(* Let $n\ge 2$ be an integer, $k,c_b>0$, $\rho_0>0$, and let $\lambda_{1,0}\le\cdots\le\lambda_{n,0}$ be real numbers. Consider the system $$\lambda_i'=-\lambda_i^2+\frac{k}{n}(\rho-c_b)\ (i=1,\dots,n),\qquad \rho'=-\rho\lambda,\quad \lambda=\sum_{i=1}^n\lambda_i,\qquad \rho(0)=\rho_0,\ \lambda_i(0)=\lambda_{i,0},$$ suppose its maximal interval of existence is $[0,t_B)$ with $0<t_B<\infty$, and let $u_i(t)=e^{\int_0^t\lambda_i(s)\,ds}$. Let $1\le J_1\le J_2\le n$ be integers such that $\lim_{t\to t_B^-}\lambda_i(t)=-\infty$ for $1\le i\le J_1$ and $\lim_{t\to t_B^-}\lambda_i(t)=+\infty$ for $J_2<i\le n$. Then $\lambda_{i,0}=\lambda_{j,0}$ and $\lambda_i(t)=\lambda_j(t)$ for all $t$ whenever $1\le i,j\le J_1$; $\lim_{t\to t_B^-}\lambda_i(t)/\lambda_j(t)=1$ whenever $J_2<i,j\le n$; and $$\lim_{t\to t_B^-}\frac{u_j(t)}{u_n(t)}=\frac{\lambda_{j,0}-\lambda_{1,0}}{\lambda_{n,0}-\lambda_{1,0}}\qquad\text{for } J_2<j<n.$$
   Context: Solutions are real-valued and continuously differentiable on $[0,t_B)$. *)

theory Defs
  imports "HOL-Analysis.Analysis"
begin

definition is_solution ::
  "nat \<Rightarrow> real \<Rightarrow> real \<Rightarrow> real \<Rightarrow> (nat \<Rightarrow> real) \<Rightarrow> real
     \<Rightarrow> (nat \<Rightarrow> real \<Rightarrow> real) \<Rightarrow> (real \<Rightarrow> real) \<Rightarrow> bool" where
  "is_solution n k cb rho0 lam0 T lam rho \<longleftrightarrow>
     0 < T \<and>
     rho 0 = rho0 \<and> (\<forall>i\<in>{1..n}. lam i 0 = lam0 i) \<and>
     (\<forall>i\<in>{1..n}. continuous_on {0..<T} (\<lambda>t. - ((lam i t) ^ 2) + (k / real n) * (rho t - cb))) \<and>
     continuous_on {0..<T} (\<lambda>t. - rho t * (\<Sum>i=1..n. lam i t)) \<and>
     (\<forall>t\<in>{0..<T}.
        (\<forall>i\<in>{1..n}. (lam i has_real_derivative
            (- ((lam i t) ^ 2) + (k / real n) * (rho t - cb))) (at t within {0..<T})) \<and>
        (rho has_real_derivative (- rho t * (\<Sum>i=1..n. lam i t))) (at t within {0..<T}))"

definition maximal_solution ::
  "nat \<Rightarrow> real \<Rightarrow> real \<Rightarrow> real \<Rightarrow> (nat \<Rightarrow> real) \<Rightarrow> real
     \<Rightarrow> (nat \<Rightarrow> real \<Rightarrow> real) \<Rightarrow> (real \<Rightarrow> real) \<Rightarrow> bool" where
  "maximal_solution n k cb rho0 lam0 T lam rho \<longleftrightarrow>
     is_solution n k cb rho0 lam0 T lam rho \<and>
     \<not> (\<exists>T' > T. \<exists>mu sigma. is_solution n k cb rho0 lam0 T' mu sigma)"

definition u_fun :: "(nat \<Rightarrow> real \<Rightarrow> real) \<Rightarrow> nat \<Rightarrow> real \<Rightarrow> real" where
  "u_fun lam i t = exp (integral {0..t} (lam i))"

end

theory Submission
  imports Defs "HOL-Real_Asymp.Real_Asymp"
begin

(* Every lam_i solves the Riccati equation lam' = -lam^2 + q with the same forcing
   q = (k/n)(rho - cb), and q is bounded below since rho = rho0 exp(-int sum_i lam_i) > 0.
   With u_i' = lam_i u_i, the forcing cancels in (lam_j - lam_i)' = lam_i^2 - lam_j^2, so
   u_i u_j (lam_j - lam_i) is a constant of motion, equal to lam_j(0) - lam_i(0).

   If lam_b -> -oo, then 1/(-lam_b) + 2t is nondecreasing near tB with limit 2 tB, whence
   -lam_b >= 1/(2(tB - t)) and u_b^2 = O(tB - t).  For a with lam_a(0) < lam_b(0) the
   positive function u_a/u_b would then have derivative -(lam_b(0) - lam_a(0))/u_b^2
   <= -const/(tB - t), which drives it to -oo; so a blow-down component has the smallest
   initial value, and all blow-down components agree.  If lam_i -> +oo, u_i is eventually
   increasing, hence bounded below, so lam_i/lam_j = 1 - (lam_j(0) - lam_i(0))/(u_i u_j lam_j)
   -> 1.  Finally the constants of motion for the pairs (1,j), (1,n), (j,n) give
   u_j/u_n = d_j/d_n + (1 - d_j/d_n) u_1/u_n with d_i = lam_i(0) - lam_1(0), where
   u_1/u_n -> 0 because u_1 -> 0 and u_n is bounded below. *)

lemma eventually_at_leftE:
  fixes T :: real
  assumes "eventually P (at_left T)" "a < T"
  obtains t0 where "a < t0" "t0 < T" "\<And>t. t0 \<le> t \<Longrightarrow> t < T \<Longrightarrow> P t"
proof -
  from assms(1) obtain b where "b < T" and b: "\<And>t. b < t \<Longrightarrow> t < T \<Longrightarrow> P t"
    by (auto simp: eventually_at_left_field)
  define t0 where "t0 = (max a b + T) / 2"
  have "max a b < t0" "t0 < T" using \<open>b < T\<close> assms(2) by (auto simp: t0_def)
  with b show ?thesis by (intro that[of t0]) auto
qed

lemma integral_has_real_derivative_atLeastLessThan:
  fixes f :: "real \<Rightarrow> real"
  assumes "continuous_on {a..<b} f" "x \<in> {a..<b}"
  shows "((\<lambda>t. integral {a..t} f) has_real_derivative f x) (at x within {a..<b})"
proof -
  obtain c where c: "x < c" "c < b" using assms(2) dense[of x b] by auto
  have "continuous_on {a..c} f" using assms(1) by (rule continuous_on_subset) (use c in auto)
  then have "((\<lambda>t. integral {a..t} f) has_real_derivative f x) (at x within {a..c})"
    using assms(2) c by (intro integral_has_real_derivative) auto
  moreover have "at x within {a..<b} = at x within {a..c}"
  proof -
    have "{a..<b} \<inter> {..<c} = {a..c} \<inter> {..<c}"
      using c by auto
    then show ?thesis
      using c by (intro at_within_nhd[of x "{..<c}"]) auto
  qed
  ultimately show ?thesis by simp
qed

lemma has_real_derivative_at_interior:
  fixes f :: "real \<Rightarrow> real"
  assumes "(f has_real_derivative D) (at x within {a..<b})" "x \<in> {a<..<b}"
  shows "(f has_real_derivative D) (at x)"
  using assms(1) at_within_interior[of x "{a..<b}"] assms(2) by simp

lemma u_fun_pos [simp]: "0 < u_fun lam i t"
  by (simp add: u_fun_def)

lemma u_fun_nonneg [simp]: "0 \<le> u_fun lam i t"
  by (simp add: u_fun_def)

lemma u_fun_nonzero [simp]: "u_fun lam i t \<noteq> 0"
  by (simp add: u_fun_def)

lemma u_fun_0 [simp]: "u_fun lam i 0 = 1"
  by (simp add: u_fun_def)

lemma u_fun_has_real_derivative:
  assumes "continuous_on {0..<T} (lam i)" "t \<in> {0..<T}"
  shows "(u_fun lam i has_real_derivative lam i t * u_fun lam i t) (at t within {0..<T})"
  unfolding u_fun_def[abs_def]
  using DERIV_chain2[OF DERIV_exp integral_has_real_derivative_atLeastLessThan[OF assms]]
  by (simp add: mult.commute)

lemma linear_ode_solution_eq:
  fixes r a :: "real \<Rightarrow> real"
  assumes a: "continuous_on {0..<T} a"
    and r: "\<And>t. t \<in> {0..<T} \<Longrightarrow> (r has_real_derivative a t * r t) (at t within {0..<T})"
    and t: "t \<in> {0..<T}"
  shows "r t = r 0 * exp (integral {0..t} a)"
proof -
  define p where "p s = r s * exp (- integral {0..s} a)" for s
  have "(p has_real_derivative 0) (at s within {0..<T})" if "s \<in> {0..<T}" for s
  proof -
    have "((\<lambda>s. integral {0..s} a) has_real_derivative a s) (at s within {0..<T})"
      using a that by (rule integral_has_real_derivative_atLeastLessThan)
    then have "(p has_real_derivative
        a s * r s * exp (- integral {0..s} a) + r s * (exp (- integral {0..s} a) * - a s))
        (at s within {0..<T})"
      unfolding p_def[abs_def] by (auto intro!: derivative_eq_intros r that)
    then show ?thesis by (simp add: algebra_simps)
  qed
  then obtain c where "\<forall>s\<in>{0..<T}. p s = c"
    using has_field_derivative_zero_constant[of "{0..<T}" p] by auto
  then have "p t = p 0" using t by auto
  then show ?thesis by (simp add: p_def exp_minus field_simps)
qed

lemma filterlim_at_bot_if_deriv_le_inverse_dist:
  fixes r r' :: "real \<Rightarrow> real"
  assumes "a < T" "0 < c"
    and r: "\<And>x. x \<in> {a..<T} \<Longrightarrow> (r has_real_derivative r' x) (at x)"
    and r'_le: "\<And>x. x \<in> {a..<T} \<Longrightarrow> r' x \<le> - c / (T - x)"
  shows "filterlim r at_bot (at_left T)"
proof -
  have bound: "r t \<le> r a - c * ln (T - a) + c * ln (T - t)" if t: "a \<le> t" "t < T" for t
  proof -
    have "r t - c * ln (T - t) \<le> r a - c * ln (T - a)"
    proof (rule DERIV_nonpos_imp_nonincreasing[where f = "\<lambda>s. r s - c * ln (T - s)"])
      fix x assume x: "a \<le> x" "x \<le> t"
      then have "((\<lambda>s. r s - c * ln (T - s)) has_real_derivative r' x + c / (T - x)) (at x)"
        using t by (auto intro!: derivative_eq_intros r simp: field_simps)
      moreover have "r' x + c / (T - x) \<le> 0" using r'_le[of x] x t by simp
      ultimately show "\<exists>y. ((\<lambda>s. r s - c * ln (T - s)) has_real_derivative y) (at x) \<and> y \<le> 0"
        by blast
    qed (use t in simp)
    then show ?thesis by simp
  qed
  have "filterlim (\<lambda>t. - (r a - c * ln (T - a) + c * ln (T - t))) at_top (at_left T)"
    using \<open>0 < c\<close> by real_asymp
  moreover have "\<forall>\<^sub>F t in at_left T. - (r a - c * ln (T - a) + c * ln (T - t)) \<le> - r t"
    using eventually_at_left_real[OF \<open>a < T\<close>]
  proof eventually_elim
    case (elim t)
    then show ?case using bound[of t] by simp
  qed
  ultimately show ?thesis
    unfolding filterlim_uminus_at_bot by (rule filterlim_at_top_mono)
qed

locale riccati_system =
  fixes T :: real and I :: "nat set" and q :: "real \<Rightarrow> real" and lam :: "nat \<Rightarrow> real \<Rightarrow> real"
  assumes T_pos: "0 < T"
    and lam_has_derivative: "\<And>i t. i \<in> I \<Longrightarrow> t \<in> {0..<T} \<Longrightarrow>
      (lam i has_real_derivative - (lam i t)\<^sup>2 + q t) (at t within {0..<T})"
    and q_bdd_below: "bdd_below (q ` {0..<T})"
begin

abbreviation u :: "nat \<Rightarrow> real \<Rightarrow> real" where
  "u \<equiv> u_fun lam"

lemma lam_continuous: "i \<in> I \<Longrightarrow> continuous_on {0..<T} (lam i)"
  by (rule DERIV_continuous_on[OF lam_has_derivative])

lemma lam_has_derivative_at:
  "i \<in> I \<Longrightarrow> t \<in> {0<..<T} \<Longrightarrow> (lam i has_real_derivative - (lam i t)\<^sup>2 + q t) (at t)"
  by (rule has_real_derivative_at_interior[OF lam_has_derivative]) auto

lemma u_has_derivative:
  "i \<in> I \<Longrightarrow> t \<in> {0..<T} \<Longrightarrow> (u i has_real_derivative lam i t * u i t) (at t within {0..<T})"
  by (rule u_fun_has_real_derivative[OF lam_continuous])

lemma u_has_derivative_at:
  "i \<in> I \<Longrightarrow> t \<in> {0<..<T} \<Longrightarrow> (u i has_real_derivative lam i t * u i t) (at t)"
  by (rule has_real_derivative_at_interior[OF u_has_derivative]) auto

lemma u_mult_lam_diff_const:
  assumes "i \<in> I" "j \<in> I" "t \<in> {0..<T}"
  shows "u i t * u j t * (lam j t - lam i t) = lam j 0 - lam i 0"
proof -
  define w where "w s = u i s * u j s * (lam j s - lam i s)" for s
  have "(w has_real_derivative 0) (at s within {0..<T})" if "s \<in> {0..<T}" for s
    unfolding w_def[abs_def] using assms that
    by (auto intro!: derivative_eq_intros u_has_derivative lam_has_derivative
        simp: algebra_simps power2_eq_square)
  then obtain c where "\<forall>s\<in>{0..<T}. w s = c"
    using has_field_derivative_zero_constant[of "{0..<T}" w] by auto
  then have "w t = w 0" using assms(3) T_pos by auto
  then show ?thesis by (simp add: w_def)
qed

lemma lam_diff_eq:
  assumes "i \<in> I" "j \<in> I" "t \<in> {0..<T}"
  shows "lam j t - lam i t = (lam j 0 - lam i 0) / (u i t * u j t)"
  using u_mult_lam_diff_const[OF assms] by (simp add: field_simps)

lemma lam_eq_iff_initial_eq:
  assumes "i \<in> I" "j \<in> I" "t \<in> {0..<T}"
  shows "lam i t = lam j t \<longleftrightarrow> lam i 0 = lam j 0"
  using lam_diff_eq[OF assms] by (auto simp: field_simps)

lemma q_lower_bound:
  obtains C where "0 \<le> C" "\<And>t. t \<in> {0..<T} \<Longrightarrow> - C \<le> q t"
proof -
  obtain m where "\<forall>t\<in>{0..<T}. m \<le> q t"
    using q_bdd_below by (auto simp: bdd_below_def)
  then show ?thesis
    by (intro that[of "max 0 (- m)"]) force+
qed

lemma inverse_neg_lam_add_twice_mono:
  assumes i: "i \<in> I" and ts: "0 < t" "t \<le> s" "s < T" and "0 \<le> C"
    and q_ge: "\<And>x. x \<in> {t..s} \<Longrightarrow> - C \<le> q x"
    and lam_le: "\<And>x. x \<in> {t..s} \<Longrightarrow> lam i x \<le> - (C + 1)"
  shows "inverse (- lam i t) + 2 * t \<le> inverse (- lam i s) + 2 * s"
proof (rule DERIV_nonneg_imp_nondecreasing[where f = "\<lambda>s. inverse (- lam i s) + 2 * s"])
  fix x assume x: "t \<le> x" "x \<le> s"
  then have lam_x: "lam i x \<le> - (C + 1)" and x_in: "x \<in> {0<..<T}"
    using lam_le ts by auto
  have "(C + 1) * 1 \<le> (- lam i x) * (- lam i x)"
    using lam_x \<open>0 \<le> C\<close> by (intro mult_mono) auto
  then have "C \<le> (lam i x)\<^sup>2" by (simp add: power2_eq_square)
  then have "0 \<le> 1 + q x / (lam i x)\<^sup>2"
    using q_ge[of x] x lam_x \<open>0 \<le> C\<close> by (auto simp: field_simps)
  moreover have "((\<lambda>s. inverse (- lam i s) + 2 * s) has_real_derivative 1 + q x / (lam i x)\<^sup>2) (at x)"
    using lam_x \<open>0 \<le> C\<close>
    by (auto intro!: derivative_eq_intros lam_has_derivative_at[OF i x_in]
        simp: field_simps power2_eq_square)
  ultimately show "\<exists>y. ((\<lambda>s. inverse (- lam i s) + 2 * s) has_real_derivative y) (at x) \<and> 0 \<le> y"
    by blast
qed (use ts in simp)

_Problem to solve_.
Each line above from the one with "is_solution n k cb rho0 lam0 T lam rho \<and>" up to and including the one with "(* Every lam_i" must be set down exactly, and no line outside that span may appear.

_Task output_.
     is_solution n k cb rho0 lam0 T lam rho \<and>
     \<not> (\<exists>T' > T. \<exists>mu sigma. is_solution n k cb rho0 lam0 T' mu sigma)"

definition u_fun :: "(nat \<Rightarrow> real \<Rightarrow> real) \<Rightarrow> nat \<Rightarrow> real \<Rightarrow> real" where
  "u_fun lam i t = exp (integral {0..t} (lam i))"

end

theory Submission
  imports Defs "HOL-Real_Asymp.Real_Asymp"
begin

(* Every lam_i solves the Riccati equation lam' = -lam^2 + q with the same forcing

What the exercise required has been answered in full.